● What the task requires: Would you please transcribe, exactly as written, the lines of the entries below starting at the one that holds "text \<open>Finite simple" and ending at the one that holds "set \<times> nat", both included?

*** Block opens ***

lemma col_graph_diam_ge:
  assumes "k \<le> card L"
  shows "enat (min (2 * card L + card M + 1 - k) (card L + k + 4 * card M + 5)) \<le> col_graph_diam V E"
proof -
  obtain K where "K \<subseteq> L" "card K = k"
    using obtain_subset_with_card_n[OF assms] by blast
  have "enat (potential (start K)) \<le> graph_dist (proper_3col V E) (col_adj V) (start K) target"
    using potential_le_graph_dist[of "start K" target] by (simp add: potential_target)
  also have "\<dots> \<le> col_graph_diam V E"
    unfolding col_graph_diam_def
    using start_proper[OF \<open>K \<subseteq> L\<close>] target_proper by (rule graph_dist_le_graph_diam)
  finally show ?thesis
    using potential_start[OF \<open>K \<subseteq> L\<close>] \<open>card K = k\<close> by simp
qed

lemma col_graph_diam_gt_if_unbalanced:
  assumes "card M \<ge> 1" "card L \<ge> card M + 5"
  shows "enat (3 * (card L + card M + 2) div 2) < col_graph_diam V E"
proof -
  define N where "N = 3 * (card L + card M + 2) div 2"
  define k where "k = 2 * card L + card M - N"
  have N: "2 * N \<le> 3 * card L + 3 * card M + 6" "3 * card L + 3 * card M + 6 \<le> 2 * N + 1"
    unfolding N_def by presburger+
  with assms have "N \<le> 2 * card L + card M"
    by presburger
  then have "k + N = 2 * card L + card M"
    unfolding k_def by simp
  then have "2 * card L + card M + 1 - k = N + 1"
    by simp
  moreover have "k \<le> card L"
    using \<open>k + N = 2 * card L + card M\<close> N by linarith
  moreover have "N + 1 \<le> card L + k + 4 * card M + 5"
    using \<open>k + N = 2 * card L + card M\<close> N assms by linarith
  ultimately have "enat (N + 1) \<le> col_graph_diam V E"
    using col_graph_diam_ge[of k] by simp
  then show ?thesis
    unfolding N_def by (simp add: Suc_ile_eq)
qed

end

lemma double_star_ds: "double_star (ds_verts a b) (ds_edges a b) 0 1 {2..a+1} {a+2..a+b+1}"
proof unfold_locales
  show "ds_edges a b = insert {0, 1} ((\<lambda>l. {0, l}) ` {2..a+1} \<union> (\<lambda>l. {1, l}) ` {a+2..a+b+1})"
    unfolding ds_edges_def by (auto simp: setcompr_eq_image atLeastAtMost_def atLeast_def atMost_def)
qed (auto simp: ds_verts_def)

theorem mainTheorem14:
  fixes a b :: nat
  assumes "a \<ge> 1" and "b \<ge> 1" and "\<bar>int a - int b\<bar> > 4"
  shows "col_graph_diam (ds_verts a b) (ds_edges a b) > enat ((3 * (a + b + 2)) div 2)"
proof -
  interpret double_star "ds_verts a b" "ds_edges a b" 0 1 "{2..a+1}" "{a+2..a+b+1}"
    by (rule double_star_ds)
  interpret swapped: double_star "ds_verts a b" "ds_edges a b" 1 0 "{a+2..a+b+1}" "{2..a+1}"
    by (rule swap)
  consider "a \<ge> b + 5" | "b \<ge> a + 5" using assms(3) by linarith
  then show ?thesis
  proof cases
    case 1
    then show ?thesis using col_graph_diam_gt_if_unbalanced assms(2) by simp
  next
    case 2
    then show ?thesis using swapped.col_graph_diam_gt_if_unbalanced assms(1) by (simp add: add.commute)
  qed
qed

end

*** Block closes ***
*** Block opens ***

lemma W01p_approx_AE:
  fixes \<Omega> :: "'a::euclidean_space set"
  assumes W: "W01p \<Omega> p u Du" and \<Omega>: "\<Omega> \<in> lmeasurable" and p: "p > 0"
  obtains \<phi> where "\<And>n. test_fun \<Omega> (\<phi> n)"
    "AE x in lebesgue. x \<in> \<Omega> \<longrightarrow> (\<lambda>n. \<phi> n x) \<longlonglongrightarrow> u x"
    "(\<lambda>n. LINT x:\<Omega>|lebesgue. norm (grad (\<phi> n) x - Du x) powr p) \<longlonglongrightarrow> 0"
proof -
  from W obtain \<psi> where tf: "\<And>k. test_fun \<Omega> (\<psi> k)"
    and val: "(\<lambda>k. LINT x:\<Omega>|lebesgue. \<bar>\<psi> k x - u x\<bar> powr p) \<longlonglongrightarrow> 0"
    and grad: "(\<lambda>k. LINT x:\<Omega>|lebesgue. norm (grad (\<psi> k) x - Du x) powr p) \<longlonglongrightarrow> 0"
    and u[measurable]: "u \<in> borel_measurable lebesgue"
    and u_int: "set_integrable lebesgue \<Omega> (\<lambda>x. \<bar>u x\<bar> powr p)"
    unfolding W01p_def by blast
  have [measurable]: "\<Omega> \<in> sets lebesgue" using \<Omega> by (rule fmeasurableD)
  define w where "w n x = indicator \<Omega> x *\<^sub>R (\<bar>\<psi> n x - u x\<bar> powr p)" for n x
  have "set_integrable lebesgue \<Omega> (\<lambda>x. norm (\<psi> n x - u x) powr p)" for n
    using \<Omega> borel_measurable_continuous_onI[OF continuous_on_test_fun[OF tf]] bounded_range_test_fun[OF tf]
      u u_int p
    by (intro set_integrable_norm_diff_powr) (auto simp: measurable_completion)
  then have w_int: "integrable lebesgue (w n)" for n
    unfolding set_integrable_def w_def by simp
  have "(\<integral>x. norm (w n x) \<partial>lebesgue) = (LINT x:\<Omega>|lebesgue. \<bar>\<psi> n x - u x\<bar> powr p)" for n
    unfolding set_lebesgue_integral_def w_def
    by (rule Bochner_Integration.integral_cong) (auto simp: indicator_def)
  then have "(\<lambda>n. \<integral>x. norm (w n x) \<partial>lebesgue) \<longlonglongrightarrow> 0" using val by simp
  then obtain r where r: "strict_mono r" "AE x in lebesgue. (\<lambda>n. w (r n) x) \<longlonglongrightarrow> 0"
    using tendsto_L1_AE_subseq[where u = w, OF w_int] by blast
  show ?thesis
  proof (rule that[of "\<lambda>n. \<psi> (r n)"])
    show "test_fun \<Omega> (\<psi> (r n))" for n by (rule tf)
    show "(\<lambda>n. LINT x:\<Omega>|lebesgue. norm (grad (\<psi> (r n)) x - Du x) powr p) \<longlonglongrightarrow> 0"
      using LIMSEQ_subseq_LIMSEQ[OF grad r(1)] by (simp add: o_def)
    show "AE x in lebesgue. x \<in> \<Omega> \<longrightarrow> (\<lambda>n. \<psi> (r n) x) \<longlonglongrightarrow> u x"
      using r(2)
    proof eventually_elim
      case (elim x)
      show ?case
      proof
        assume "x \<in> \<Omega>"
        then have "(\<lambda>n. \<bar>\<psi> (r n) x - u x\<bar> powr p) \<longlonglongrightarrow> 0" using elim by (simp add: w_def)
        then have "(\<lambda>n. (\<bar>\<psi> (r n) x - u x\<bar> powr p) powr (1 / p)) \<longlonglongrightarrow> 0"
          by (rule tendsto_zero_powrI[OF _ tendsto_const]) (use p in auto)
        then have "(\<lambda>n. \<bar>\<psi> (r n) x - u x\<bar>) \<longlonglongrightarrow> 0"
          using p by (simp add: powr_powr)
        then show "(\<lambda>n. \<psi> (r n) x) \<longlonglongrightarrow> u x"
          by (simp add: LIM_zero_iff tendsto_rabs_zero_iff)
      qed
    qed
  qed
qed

*** Block closes ***
*** Block opens ***

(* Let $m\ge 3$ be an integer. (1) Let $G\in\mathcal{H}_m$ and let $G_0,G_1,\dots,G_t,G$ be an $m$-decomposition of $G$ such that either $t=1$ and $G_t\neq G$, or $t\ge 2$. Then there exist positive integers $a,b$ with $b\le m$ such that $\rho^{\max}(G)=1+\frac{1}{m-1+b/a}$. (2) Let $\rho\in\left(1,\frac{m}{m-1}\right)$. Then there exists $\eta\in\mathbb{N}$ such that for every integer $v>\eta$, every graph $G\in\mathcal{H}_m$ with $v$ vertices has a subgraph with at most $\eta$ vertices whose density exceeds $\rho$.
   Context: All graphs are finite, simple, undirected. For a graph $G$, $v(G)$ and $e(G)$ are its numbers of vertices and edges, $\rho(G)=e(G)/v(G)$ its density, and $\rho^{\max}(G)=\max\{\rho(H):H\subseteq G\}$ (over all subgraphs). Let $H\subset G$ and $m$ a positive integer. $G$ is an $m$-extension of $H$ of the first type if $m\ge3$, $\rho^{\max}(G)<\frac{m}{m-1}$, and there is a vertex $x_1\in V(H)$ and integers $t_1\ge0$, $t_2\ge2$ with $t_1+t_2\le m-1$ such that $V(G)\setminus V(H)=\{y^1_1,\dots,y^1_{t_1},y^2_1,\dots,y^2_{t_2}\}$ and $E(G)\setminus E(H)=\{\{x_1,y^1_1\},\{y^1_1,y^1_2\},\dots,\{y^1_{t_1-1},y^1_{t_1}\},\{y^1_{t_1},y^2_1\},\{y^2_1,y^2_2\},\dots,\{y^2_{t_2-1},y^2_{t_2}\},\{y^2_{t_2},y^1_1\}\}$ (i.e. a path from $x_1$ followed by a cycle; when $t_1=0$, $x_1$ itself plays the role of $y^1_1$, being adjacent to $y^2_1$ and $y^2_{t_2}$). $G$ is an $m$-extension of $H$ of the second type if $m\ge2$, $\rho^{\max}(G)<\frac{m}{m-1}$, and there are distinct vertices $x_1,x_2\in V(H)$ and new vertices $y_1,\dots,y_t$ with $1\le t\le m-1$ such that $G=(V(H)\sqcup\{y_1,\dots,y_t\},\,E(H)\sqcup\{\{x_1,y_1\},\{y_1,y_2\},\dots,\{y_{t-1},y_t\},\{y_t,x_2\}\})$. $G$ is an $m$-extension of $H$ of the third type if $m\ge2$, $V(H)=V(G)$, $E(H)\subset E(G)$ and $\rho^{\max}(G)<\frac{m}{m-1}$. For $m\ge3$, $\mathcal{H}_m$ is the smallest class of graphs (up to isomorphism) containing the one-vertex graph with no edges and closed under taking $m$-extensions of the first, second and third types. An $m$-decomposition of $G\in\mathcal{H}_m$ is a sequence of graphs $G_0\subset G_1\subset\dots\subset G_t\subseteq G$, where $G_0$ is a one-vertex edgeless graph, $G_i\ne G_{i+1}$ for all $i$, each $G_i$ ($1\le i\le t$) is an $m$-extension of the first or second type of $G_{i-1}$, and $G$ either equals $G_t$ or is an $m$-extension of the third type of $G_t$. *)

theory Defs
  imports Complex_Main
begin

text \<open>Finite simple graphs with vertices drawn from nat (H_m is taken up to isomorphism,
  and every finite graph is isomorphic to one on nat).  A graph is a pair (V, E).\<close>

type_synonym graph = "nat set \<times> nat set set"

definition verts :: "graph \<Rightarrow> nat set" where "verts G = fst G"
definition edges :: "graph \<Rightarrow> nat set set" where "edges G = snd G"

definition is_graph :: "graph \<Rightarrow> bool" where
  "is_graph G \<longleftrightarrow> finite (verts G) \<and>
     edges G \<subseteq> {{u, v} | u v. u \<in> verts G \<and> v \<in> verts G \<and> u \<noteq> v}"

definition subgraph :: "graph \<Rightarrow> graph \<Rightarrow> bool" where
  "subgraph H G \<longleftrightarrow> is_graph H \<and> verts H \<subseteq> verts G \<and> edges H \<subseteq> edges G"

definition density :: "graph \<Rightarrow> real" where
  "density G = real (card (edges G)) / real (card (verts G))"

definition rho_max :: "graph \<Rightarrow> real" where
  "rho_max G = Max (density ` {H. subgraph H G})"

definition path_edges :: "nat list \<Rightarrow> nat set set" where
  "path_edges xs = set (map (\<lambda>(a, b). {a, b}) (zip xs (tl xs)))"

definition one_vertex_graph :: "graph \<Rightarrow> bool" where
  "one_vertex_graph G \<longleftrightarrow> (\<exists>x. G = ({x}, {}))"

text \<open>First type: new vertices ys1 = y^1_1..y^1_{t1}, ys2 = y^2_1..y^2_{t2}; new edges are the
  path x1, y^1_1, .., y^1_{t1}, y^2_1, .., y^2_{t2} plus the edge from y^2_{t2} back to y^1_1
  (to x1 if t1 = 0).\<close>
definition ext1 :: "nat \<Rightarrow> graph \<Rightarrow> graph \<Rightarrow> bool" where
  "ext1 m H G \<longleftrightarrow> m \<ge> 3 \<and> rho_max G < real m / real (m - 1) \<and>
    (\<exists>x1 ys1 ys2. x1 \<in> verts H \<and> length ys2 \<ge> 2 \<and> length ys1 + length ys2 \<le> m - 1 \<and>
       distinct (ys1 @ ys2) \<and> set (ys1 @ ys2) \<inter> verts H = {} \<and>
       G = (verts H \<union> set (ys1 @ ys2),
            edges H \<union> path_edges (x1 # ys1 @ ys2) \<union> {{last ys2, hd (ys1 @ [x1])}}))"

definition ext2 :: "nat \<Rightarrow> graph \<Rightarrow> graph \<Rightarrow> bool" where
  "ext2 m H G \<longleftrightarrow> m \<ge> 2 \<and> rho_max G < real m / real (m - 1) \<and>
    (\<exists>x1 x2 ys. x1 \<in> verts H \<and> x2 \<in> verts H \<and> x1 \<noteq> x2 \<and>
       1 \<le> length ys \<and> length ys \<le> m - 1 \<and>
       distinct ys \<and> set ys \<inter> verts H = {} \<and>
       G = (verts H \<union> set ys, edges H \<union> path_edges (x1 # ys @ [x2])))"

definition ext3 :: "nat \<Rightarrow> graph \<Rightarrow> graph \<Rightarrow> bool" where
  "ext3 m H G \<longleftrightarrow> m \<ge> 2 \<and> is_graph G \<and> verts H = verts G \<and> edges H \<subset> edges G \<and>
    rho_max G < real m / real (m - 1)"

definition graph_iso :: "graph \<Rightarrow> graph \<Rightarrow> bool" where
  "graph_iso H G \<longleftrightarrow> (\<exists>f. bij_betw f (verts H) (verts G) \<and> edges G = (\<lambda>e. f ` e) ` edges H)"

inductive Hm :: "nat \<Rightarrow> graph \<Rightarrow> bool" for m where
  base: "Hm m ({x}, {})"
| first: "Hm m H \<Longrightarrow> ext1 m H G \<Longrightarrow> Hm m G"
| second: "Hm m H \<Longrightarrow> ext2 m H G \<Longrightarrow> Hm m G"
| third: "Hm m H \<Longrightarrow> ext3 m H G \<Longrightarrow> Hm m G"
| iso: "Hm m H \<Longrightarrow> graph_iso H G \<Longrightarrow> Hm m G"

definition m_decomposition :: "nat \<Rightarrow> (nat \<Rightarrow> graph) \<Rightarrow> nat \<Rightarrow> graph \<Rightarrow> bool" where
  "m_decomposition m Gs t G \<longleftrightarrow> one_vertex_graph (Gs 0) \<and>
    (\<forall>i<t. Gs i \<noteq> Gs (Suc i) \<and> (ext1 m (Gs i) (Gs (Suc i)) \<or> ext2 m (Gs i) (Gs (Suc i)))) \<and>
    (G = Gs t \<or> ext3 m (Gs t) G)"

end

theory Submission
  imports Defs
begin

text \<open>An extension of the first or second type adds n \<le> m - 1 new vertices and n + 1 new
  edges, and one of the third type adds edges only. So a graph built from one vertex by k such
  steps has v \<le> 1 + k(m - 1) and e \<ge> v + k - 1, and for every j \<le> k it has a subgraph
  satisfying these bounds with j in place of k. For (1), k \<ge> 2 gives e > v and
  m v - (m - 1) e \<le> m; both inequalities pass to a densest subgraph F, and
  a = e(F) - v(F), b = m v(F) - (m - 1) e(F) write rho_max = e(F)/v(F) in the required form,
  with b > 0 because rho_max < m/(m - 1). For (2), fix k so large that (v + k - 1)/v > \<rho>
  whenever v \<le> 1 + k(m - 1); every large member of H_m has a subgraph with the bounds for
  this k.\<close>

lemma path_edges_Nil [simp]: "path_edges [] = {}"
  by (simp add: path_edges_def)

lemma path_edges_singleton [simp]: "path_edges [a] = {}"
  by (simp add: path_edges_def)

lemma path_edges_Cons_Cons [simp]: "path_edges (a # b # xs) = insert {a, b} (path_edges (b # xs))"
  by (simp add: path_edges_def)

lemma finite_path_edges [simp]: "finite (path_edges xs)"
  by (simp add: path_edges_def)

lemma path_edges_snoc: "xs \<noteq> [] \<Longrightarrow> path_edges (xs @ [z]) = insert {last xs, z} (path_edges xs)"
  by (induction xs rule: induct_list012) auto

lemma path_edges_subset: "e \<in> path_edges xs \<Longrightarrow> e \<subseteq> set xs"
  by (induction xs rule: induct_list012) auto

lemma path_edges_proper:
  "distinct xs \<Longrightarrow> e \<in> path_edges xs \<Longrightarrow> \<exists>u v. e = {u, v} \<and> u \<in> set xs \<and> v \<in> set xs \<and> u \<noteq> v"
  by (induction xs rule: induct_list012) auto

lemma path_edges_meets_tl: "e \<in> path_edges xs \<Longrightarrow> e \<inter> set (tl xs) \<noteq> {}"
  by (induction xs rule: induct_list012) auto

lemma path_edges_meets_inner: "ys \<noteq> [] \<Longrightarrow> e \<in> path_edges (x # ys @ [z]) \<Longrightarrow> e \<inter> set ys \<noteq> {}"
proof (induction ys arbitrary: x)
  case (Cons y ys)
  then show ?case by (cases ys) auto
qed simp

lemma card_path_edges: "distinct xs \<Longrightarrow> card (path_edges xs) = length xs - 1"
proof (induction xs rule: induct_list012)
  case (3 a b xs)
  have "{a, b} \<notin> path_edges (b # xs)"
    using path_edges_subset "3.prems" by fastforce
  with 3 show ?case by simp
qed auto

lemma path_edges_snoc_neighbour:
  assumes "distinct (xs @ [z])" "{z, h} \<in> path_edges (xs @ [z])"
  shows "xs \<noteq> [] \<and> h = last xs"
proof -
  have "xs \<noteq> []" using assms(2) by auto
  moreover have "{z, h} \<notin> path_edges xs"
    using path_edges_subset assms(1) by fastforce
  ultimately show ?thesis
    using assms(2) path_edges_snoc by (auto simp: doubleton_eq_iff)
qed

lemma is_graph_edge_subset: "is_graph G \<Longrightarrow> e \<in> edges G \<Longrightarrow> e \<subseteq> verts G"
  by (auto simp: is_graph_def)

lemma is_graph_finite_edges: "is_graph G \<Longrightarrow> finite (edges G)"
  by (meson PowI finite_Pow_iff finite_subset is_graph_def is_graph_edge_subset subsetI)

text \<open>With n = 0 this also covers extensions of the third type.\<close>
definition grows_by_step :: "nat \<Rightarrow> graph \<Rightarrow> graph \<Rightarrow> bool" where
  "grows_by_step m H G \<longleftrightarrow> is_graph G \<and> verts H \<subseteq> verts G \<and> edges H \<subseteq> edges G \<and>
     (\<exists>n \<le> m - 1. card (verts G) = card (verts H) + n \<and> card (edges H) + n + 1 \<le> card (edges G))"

*** Block closes ***

● Problem solution:
text \<open>Finite simple graphs with vertices drawn from nat (H_m is taken up to isomorphism,
  and every finite graph is isomorphic to one on nat).  A graph is a pair (V, E).\<close>

type_synonym graph = "nat set \<times> nat set set"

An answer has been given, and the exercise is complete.